WHAT THIS TASK INVOLVES: Determine how many lines in the entries below contain the word "subseteq". The reply is that number alone.

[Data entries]
****************

(* Let $G$ be a locally compact group with left Haar measure, let $\pi$ be an irreducible strongly continuous unitary representation of $G$ on a separable Hilbert space $\mathcal{S}$ admitting at least one window, let $K$ be its Duflo–Moore operator, $\mathcal{W}$ the window space and $\mathcal{W}\otimes\mathcal{S}$ the window-signal space (as in the context). Define $V$ on the linear span $[(\mathcal{W}\cap\mathcal{S})\otimes\mathcal{S}]_0$ of the simple vectors $f\otimes s$ with $f\in\mathcal{W}\cap\mathcal{S}$, $s\in\mathcal{S}$, by $V\big(\sum_j f_j\otimes s_j\big)=\sum_j V_{f_j}[s_j]$. Then $V$ is well defined and isometric on this dense subspace, and its unique continuous extension $V:\mathcal{W}\otimes\mathcal{S}\to L^2(G)$ (the wavelet-Plancherel transform) is an isometric isomorphism between $\mathcal{W}\otimes\mathcal{S}$ and $V(\mathcal{W}\otimes\mathcal{S})\subset L^2(G)$.
   Context: A vector $f\in\mathcal{S}$ is a window if $g\mapsto\langle f,\pi(g)f\rangle$ lies in $L^2(G)$ (left Haar measure). For a window $f$ the wavelet transform is $V_f[s](g)=\langle s,\pi(g)f\rangle$. The Duflo–Moore operator $K$ is the (up to scalar unique) densely defined positive self-adjoint operator on $\mathcal{S}$ with densely defined inverse whose domain $\mathcal{D}(K)$ is the set of windows and such that $\langle V_{f_1}[s_1],V_{f_2}[s_2]\rangle_{L^2(G)}=\langle s_1,s_2\rangle_{\mathcal{S}}\langle Kf_2,Kf_1\rangle_{\mathcal{S}}$ for all windows $f_1,f_2$ and $s_1,s_2\in\mathcal{S}$. The window space $\mathcal{W}$ is the Hilbert space completion of $\mathcal{D}(K)$ with respect to $\langle f_1,f_2\rangle_{\mathcal{W}}=\langle Kf_1,Kf_2\rangle_{\mathcal{S}}$; thus $\mathcal{W}\cap\mathcal{S}=\mathcal{D}(K)$. The tensor product $\mathcal{W}\otimes\mathcal{S}$ is built from orthonormal bases $\{\phi_n\}$ of $\mathcal{W}$ and $\{\eta_m\}$ of $\mathcal{S}$ as the Hilbert space with orthonormal basis $\{\phi_n\otimes\eta_m\}$, and for $f=\sum c_n\phi_n$, $s=\sum d_m\eta_m$ one sets $f\otimes s=\sum_{n,m}\overline{c_n}d_m\,\phi_n\otimes\eta_m$ (conjugate-linear in the first factor), so that $\langle f_1\otimes s_1,f_2\otimes s_2\rangle=\overline{\langle f_1,f_2\rangle_{\mathcal{W}}}\langle s_1,s_2\rangle_{\mathcal{S}}$. *)

theory Defs
  imports "HOL-Analysis.Analysis"
begin

text \<open>Inner products are linear in the first and conjugate-linear in the second argument.\<close>

definition complex_inner_space ::
  "(complex \<Rightarrow> 'a::ab_group_add \<Rightarrow> 'a) \<Rightarrow> ('a \<Rightarrow> 'a \<Rightarrow> complex) \<Rightarrow> bool" where
  "complex_inner_space sc ip \<longleftrightarrow>
     vector_space sc \<and>
     (\<forall>x y z. ip (x + y) z = ip x z + ip y z) \<and>
     (\<forall>c x y. ip (sc c x) y = c * ip x y) \<and>
     (\<forall>x y. ip y x = cnj (ip x y)) \<and>
     (\<forall>x. 0 \<le> Re (ip x x)) \<and>
     (\<forall>x. ip x x = 0 \<longrightarrow> x = 0)"

definition hnorm :: "('a \<Rightarrow> 'a \<Rightarrow> complex) \<Rightarrow> 'a \<Rightarrow> real" where
  "hnorm ip x = sqrt (Re (ip x x))"

definition hcomplete :: "('a::ab_group_add \<Rightarrow> 'a \<Rightarrow> complex) \<Rightarrow> bool" where
  "hcomplete ip \<longleftrightarrow>
     (\<forall>X :: nat \<Rightarrow> 'a.
        (\<forall>e>0. \<exists>N. \<forall>m\<ge>N. \<forall>n\<ge>N. hnorm ip (X m - X n) < e) \<longrightarrow>
        (\<exists>L. (\<lambda>n. hnorm ip (X n - L)) \<longlonglongrightarrow> 0))"

definition hilbert_space ::
  "(complex \<Rightarrow> 'a::ab_group_add \<Rightarrow> 'a) \<Rightarrow> ('a \<Rightarrow> 'a \<Rightarrow> complex) \<Rightarrow> bool" where
  "hilbert_space sc ip \<longleftrightarrow> complex_inner_space sc ip \<and> hcomplete ip"

definition hdense :: "('a::ab_group_add \<Rightarrow> 'a \<Rightarrow> complex) \<Rightarrow> 'a set \<Rightarrow> bool" where
  "hdense ip A \<longleftrightarrow> (\<forall>x e. e > 0 \<longrightarrow> (\<exists>y\<in>A. hnorm ip (x - y) < e))"

definition hseparable :: "('a::ab_group_add \<Rightarrow> 'a \<Rightarrow> complex) \<Rightarrow> bool" where
  "hseparable ip \<longleftrightarrow> (\<exists>C. countable C \<and> hdense ip C)"

definition hclosed :: "('a::ab_group_add \<Rightarrow> 'a \<Rightarrow> complex) \<Rightarrow> 'a set \<Rightarrow> bool" where
  "hclosed ip A \<longleftrightarrow>
     (\<forall>X x. range X \<subseteq> A \<and> (\<lambda>n. hnorm ip (X n - x)) \<longlonglongrightarrow> 0 \<longrightarrow> x \<in> A)"

definition lin_subspace :: "(complex \<Rightarrow> 'a::ab_group_add \<Rightarrow> 'a) \<Rightarrow> 'a set \<Rightarrow> bool" where
  "lin_subspace sc A \<longleftrightarrow>
     0 \<in> A \<and> (\<forall>x\<in>A. \<forall>y\<in>A. x + y \<in> A) \<and> (\<forall>c. \<forall>x\<in>A. sc c x \<in> A)"

definition locally_compact_group :: "'g::{topological_group_add, t2_space} itself \<Rightarrow> bool" where
  "locally_compact_group _ \<longleftrightarrow> locally_compact_space (euclidean :: 'g topology)"

text \<open>The group operation is written additively.\<close>

definition left_haar :: "'g::{topological_group_add, t2_space} measure \<Rightarrow> bool" where
  "left_haar \<mu> \<longleftrightarrow>
     sets \<mu> = sets borel \<and>
     (\<forall>g A. A \<in> sets borel \<longrightarrow> emeasure \<mu> ((\<lambda>x. g + x) ` A) = emeasure \<mu> A) \<and>
     (\<forall>K. compact K \<longrightarrow> emeasure \<mu> K < \<infinity>) \<and>
     (\<forall>U. open U \<and> U \<noteq> {} \<longrightarrow> emeasure \<mu> U > 0) \<and>
     (\<forall>A \<in> sets borel. emeasure \<mu> A = (INF U \<in> {U. open U \<and> A \<subseteq> U}. emeasure \<mu> U)) \<and>
     (\<forall>U. open U \<longrightarrow> emeasure \<mu> U = (SUP K \<in> {K. compact K \<and> K \<subseteq> U}. emeasure \<mu> K))"

text \<open>Square integrable functions (representatives of elements of L^2(G)).\<close>

definition sq_int :: "'g measure \<Rightarrow> ('g \<Rightarrow> complex) \<Rightarrow> bool" where
  "sq_int \<mu> F \<longleftrightarrow> F \<in> borel_measurable \<mu> \<and> integrable \<mu> (\<lambda>g. (cmod (F g))\<^sup>2)"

****************

SOLUTION TO THE PROBLEM: 3